[DATASET EXCERPTS]
(* Let $E_1|H_1$, $E_2|H_2$, $E_3|H_3$ be conditional events such that $\{E_1|H_1,E_2|H_2\}$ is p-consistent. Then $\{E_1|H_1,E_2|H_2\}$ p-entails $E_3|H_3$ if and only if $(E_3|H_3)\,|\,\big((E_1|H_1)\wedge(E_2|H_2)\big)=1$. *)

theory Defs
  imports Main "HOL.Real"
begin

text \<open>A conditional random quantity in a prevision assessment is a
  triple (X, H, m): X gives its values on the conditioning event H, m is its assessed
  prevision. Coherence (betting scheme): for every nonempty finite subfamily J and all
  real stakes s, the random gain G = sum over j in J of s_j * H_j * (X_j - m_j),
  restricted to the union of the conditioning events of J, takes both a value <= 0 and
  a value >= 0 (i.e. min G <= 0 <= max G).\<close>

definition coherent :: "(('w \<Rightarrow> real) \<times> 'w set \<times> real) list \<Rightarrow> bool" where
  "coherent F \<longleftrightarrow>
     (\<forall>J \<subseteq> {..<length F}. J \<noteq> {} \<longrightarrow>
       (\<forall>s :: nat \<Rightarrow> real.
          let G = (\<lambda>w. \<Sum>j\<in>J. s j *
                     (if w \<in> fst (snd (F ! j)) then fst (F ! j) w - snd (snd (F ! j)) else 0));
              H0 = (\<Union>j\<in>J. fst (snd (F ! j)))
          in (\<exists>w\<in>H0. G w \<le> 0) \<and> (\<exists>w\<in>H0. G w \<ge> 0)))"

definition ind :: "'w set \<Rightarrow> 'w \<Rightarrow> real" where
  "ind E w = (if w \<in> E then 1 else 0)"

definition cev :: "'w set \<Rightarrow> 'w set \<Rightarrow> real \<Rightarrow> ('w \<Rightarrow> real) \<times> 'w set \<times> real" where
  "cev E H p = (ind E, H, p)"

definition p_consistent :: "('w set \<times> 'w set) list \<Rightarrow> bool" where
  "p_consistent F \<longleftrightarrow> coherent (map (\<lambda>(E, H). cev E H 1) F)"

definition p_entails :: "('w set \<times> 'w set) list \<Rightarrow> 'w set \<times> 'w set \<Rightarrow> bool" where
  "p_entails F C \<longleftrightarrow> p_consistent F \<and>
     (\<forall>z. coherent (map (\<lambda>(E, H). cev E H 1) F @ [cev (fst C) (snd C) z]) \<longrightarrow> z = 1)"

text \<open>Conjunction of the conditional events E_i|H_i, i in S (Gilio--Sanfilippo), as a
  random quantity: 0 if some E_i|H_i is false; 1 if all are true; x T if exactly the
  E_i|H_i with i in T (T nonempty) are void and the others true, where x T is the
  assessed prevision of the conjunction over T (x {i} = P(E_i|H_i)).\<close>
definition conj_val :: "(nat \<Rightarrow> 'w set) \<Rightarrow> (nat \<Rightarrow> 'w set) \<Rightarrow> (nat set \<Rightarrow> real) \<Rightarrow> nat set \<Rightarrow> 'w \<Rightarrow> real" where
  "conj_val E H x S w =
     (if \<exists>i\<in>S. w \<in> H i \<and> w \<notin> E i then 0
      else if {i\<in>S. w \<notin> H i} = {} then 1 else x {i\<in>S. w \<notin> H i})"

definition conj_rq :: "(nat \<Rightarrow> 'w set) \<Rightarrow> (nat \<Rightarrow> 'w set) \<Rightarrow> (nat set \<Rightarrow> real) \<Rightarrow> nat set
    \<Rightarrow> ('w \<Rightarrow> real) \<times> 'w set \<times> real" where
  "conj_rq E H x S = (conj_val E H x S, (\<Union>i\<in>S. H i), x S)"

definition iter_val :: "(nat \<Rightarrow> 'w set) \<Rightarrow> (nat \<Rightarrow> 'w set) \<Rightarrow> (nat set \<Rightarrow> real) \<Rightarrow> real \<Rightarrow> 'w \<Rightarrow> real" where
  "iter_val E H x \<mu> w = conj_val E H x {1,2,3} w + \<mu> * (1 - conj_val E H x {1,2} w)"

text \<open>The bet on the iterated conditional is called off where the conditioning conjunction
  C12 is 0 (there iter_val - mu = C123 - mu*C12 vanishes).\<close>
definition iter_rq :: "(nat \<Rightarrow> 'w set) \<Rightarrow> (nat \<Rightarrow> 'w set) \<Rightarrow> (nat set \<Rightarrow> real) \<Rightarrow> real
    \<Rightarrow> ('w \<Rightarrow> real) \<times> 'w set \<times> real" where
  "iter_rq E H x \<mu> = (iter_val E H x \<mu>, {w. conj_val E H x {1,2} w \<noteq> 0}, \<mu>)"

definition iter_family :: "(nat \<Rightarrow> 'w set) \<Rightarrow> (nat \<Rightarrow> 'w set) \<Rightarrow> (nat set \<Rightarrow> real) \<Rightarrow> real
    \<Rightarrow> (('w \<Rightarrow> real) \<times> 'w set \<times> real) list" where
  "iter_family E H x \<mu> =
     [conj_rq E H x {1}, conj_rq E H x {2}, conj_rq E H x {3},
      conj_rq E H x {1,2}, conj_rq E H x {1,3}, conj_rq E H x {2,3},
      conj_rq E H x {1,2,3}, iter_rq E H x \<mu>]"

text \<open>"(E3|H3)|((E1|H1) \<and> (E2|H2)) = 1": for every coherent prevision assessment under which
  the iterated conditional is defined (C12 not constantly 0), it is the constant 1.\<close>
definition iter_cond_eq_one :: "(nat \<Rightarrow> 'w set) \<Rightarrow> (nat \<Rightarrow> 'w set) \<Rightarrow> bool" where
  "iter_cond_eq_one E H \<longleftrightarrow>
     (\<forall>x \<mu>. coherent (iter_family E H x \<mu>) \<and> (\<exists>w. conj_val E H x {1,2} w \<noteq> 0)
        \<longrightarrow> (\<forall>w. iter_val E H x \<mu> w = 1))"

end

theory Submission
  imports Defs
begin

text \<open>Both sides are equivalent to the Gilio--Sanfilippo condition: the quasi conjunction of some
  subfamily of \<open>{E\<^sub>1|H\<^sub>1, E\<^sub>2|H\<^sub>2}\<close> (possibly the empty one) is included in \<open>E\<^sub>3|H\<^sub>3\<close> in the sense
  of Goodman and Nguyen. If it holds, a bet on that quasi conjunction against \<open>E\<^sub>3|H\<^sub>3\<close> loses
  everywhere unless \<open>P(E\<^sub>3|H\<^sub>3) = 1\<close>; on the iterated side, coherence makes the conjunctions
  \<open>C\<^sub>1\<^sub>2\<^sub>3\<close> and \<open>C\<^sub>1\<^sub>2\<close> coincide, so the iterated conditional equals \<open>C\<^sub>1\<^sub>2 + \<mu> (1 - C\<^sub>1\<^sub>2)\<close> and a
  bet on it forces \<open>\<mu> = 1\<close>. If the condition fails, one assessment refutes both sides: prevision
  1 for every conjunction avoiding \<open>E\<^sub>3|H\<^sub>3\<close>, 0 for every conjunction involving it, and
  \<open>\<mu> = 0\<close>. It is coherent because a short list of worlds, chosen from the failure of the
  condition, makes every bet fair at the first of them lying in its conditioning event.\<close>

section \<open>Bets and coherence\<close>

definition bet :: "('w \<Rightarrow> real) \<times> 'w set \<times> real \<Rightarrow> 'w \<Rightarrow> real" where
  "bet Q w = (if w \<in> fst (snd Q) then fst Q w - snd (snd Q) else 0)"

lemma bet_Pair [simp]: "bet (X, A, m) w = (if w \<in> A then X w - m else 0)"
  by (simp add: bet_def)

lemma coherent_iff_bets:
  "coherent F \<longleftrightarrow>
     (\<forall>J \<subseteq> {..<length F}. J \<noteq> {} \<longrightarrow> (\<forall>s.
        (\<exists>w\<in>(\<Union>j\<in>J. fst (snd (F ! j))). (\<Sum>j\<in>J. s j * bet (F ! j) w) \<le> 0) \<and>
        (\<exists>w\<in>(\<Union>j\<in>J. fst (snd (F ! j))). 0 \<le> (\<Sum>j\<in>J. s j * bet (F ! j) w))))"
  unfolding coherent_def Let_def bet_def by (rule refl)

lemma coherent_gain_nonneg:
  assumes "coherent F" "J \<subseteq> {..<length F}" "J \<noteq> {}"
  shows "\<exists>w\<in>(\<Union>j\<in>J. fst (snd (F ! j))). 0 \<le> (\<Sum>j\<in>J. s j * bet (F ! j) w)"
  using assms unfolding coherent_iff_bets by blast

[WHAT TO PRODUCE] Beginning with the opening line above, retype the records exactly through the line with "real) list \<Rightarrow>", both ends included.

[EXERCISE OUTPUT]
(* Let $E_1|H_1$, $E_2|H_2$, $E_3|H_3$ be conditional events such that $\{E_1|H_1,E_2|H_2\}$ is p-consistent. Then $\{E_1|H_1,E_2|H_2\}$ p-entails $E_3|H_3$ if and only if $(E_3|H_3)\,|\,\big((E_1|H_1)\wedge(E_2|H_2)\big)=1$. *)

theory Defs
  imports Main "HOL.Real"
begin

text \<open>A conditional random quantity in a prevision assessment is a
  triple (X, H, m): X gives its values on the conditioning event H, m is its assessed
  prevision. Coherence (betting scheme): for every nonempty finite subfamily J and all
  real stakes s, the random gain G = sum over j in J of s_j * H_j * (X_j - m_j),
  restricted to the union of the conditioning events of J, takes both a value <= 0 and
  a value >= 0 (i.e. min G <= 0 <= max G).\<close>

definition coherent :: "(('w \<Rightarrow> real) \<times> 'w set \<times> real) list \<Rightarrow> bool" where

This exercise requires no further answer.